## The problem
Please copy out the entries below exactly, beginning with the line that contains "section \<open>Infima, bottoms" and ending with the line that contains "unfolding inf_def using", and include nothing outside that span.
----- Supplied information -----
lemma load_le_2_across_pair_codewords:
  assumes "n \<le> 9" "p \<in> F" "q \<in> F" "card p = 2" "card q = 2" "p \<noteq> q" "i \<in> p" "j \<in> q"
  shows "{i, j} \<in> pairs" "{i, j} \<notin> F" "load {i, j} \<le> 2"
proof -
  have pq: "p \<inter> q = {}" using pair_codewords_disjoint assms(2-6) .
  then show "{i, j} \<notin> F"
    using cross_pair_not_codeword assms(2,4,7,8) by blast
  from pq have "i \<noteq> j" using assms(7,8) by blast
  then show "{i, j} \<in> pairs"
    using assms(2,3,7,8) family_subset by (auto simp: pairs_def)
  have "card (p \<union> q) = 4"
    using card_Un_disjoint[OF finite_member[OF assms(2)] finite_member[OF assms(3)] pq] assms(4,5)
    by simp
  moreover have "p \<union> q \<subseteq> {..<n}" using assms(2,3) family_subset by blast
  ultimately have "card ({..<n} - (p \<union> q)) \<le> 5"
    using assms(1) card_Diff_subset[of "p \<union> q" "{..<n}"] finite_subset[of "p \<union> q" "{..<n}"]
    by simp
  moreover have "load {i, j} \<le> max 2 (card ({..<n} - (p \<union> q)) div 2)"
  proof (rule load_le)
    show "c - {i, j} \<subseteq> {..<n} - (p \<union> q)" if "c \<in> F" "card c = 4" "{i, j} \<subseteq> c" for c
    proof -
      have "i \<in> c" "j \<in> c" using that(3) by auto
      then show ?thesis
        using that quadruple_meets_pair_codeword[OF that(1,2) assms(2,4) _ assms(7)]
          quadruple_meets_pair_codeword[OF that(1,2) assms(3,5) _ assms(8)] family_subset
        by blast
    qed
  qed (fact | simp)+
  ultimately show "load {i, j} \<le> 2" by simp
qed
text \<open>
  Let x be a line top of a finite lattice S, with lower covers \<open>x\<^sub>1, ..., x\<^sub>n\<close>
  (n \<ge> 3) all covering their meet m, the line base.  Two distinct lower covers cannot be
  comparable, so they meet in m and join to x.  Hence for any third lower cover c the prime
  quotient \<open>x/x\<^sub>j\<close> transposes down to c/m, which transposes up to \<open>x/x\<^sub>k\<close>: all prime
  quotients under x are projective, i.e. x is sub-irreducible.

  Since
  m \<noteq> x, they differ in some coordinate i.  If some z in S with z i = x i were not above x,
  then x \<sqinter> z would lie below a lower cover k with k i = x i; every other lower cover w
  satisfies m = w \<sqinter> k, hence w i = m i, and joining two of them gives x i = m i, which is
  absurd.  So x is the least element of its fibre over x i, i.e. x = \<open>\<sigma>\<^sub>i(x i)\<close>, and
  x i is not the bottom of \<open>L\<^sub>i\<close> because it lies strictly above m i.
\<close>

section \<open>Infima, bottoms and covers in partial orders\<close>

lemma (in partial_order) inf_eqI:
  assumes "greatest L g (Lower L A)"
  shows "\<Sqinter>A = g"
  unfolding inf_def using assms by (rule some_equality) (use assms greatest_unique in blast)

lemma (in partial_order) sup_eqI:
  assumes "least L s (Upper L A)"
  shows "\<Squnion>A = s"
  unfolding sup_def using assms by (rule some_equality) (use assms least_unique in blast)

lemma (in partial_order) inf_eq_least_element:
  assumes "A \<subseteq> carrier L" "a \<in> A" "\<forall>z\<in>A. a \<sqsubseteq> z"
  shows "\<Sqinter>A = a"
  using assms by (intro inf_eqI) (auto simp: greatest_def Lower_def)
-----
## Task answer
section \<open>Infima, bottoms and covers in partial orders\<close>

lemma (in partial_order) inf_eqI:
  assumes "greatest L g (Lower L A)"
  shows "\<Sqinter>A = g"
  unfolding inf_def using assms by (rule some_equality) (use assms greatest_unique in blast)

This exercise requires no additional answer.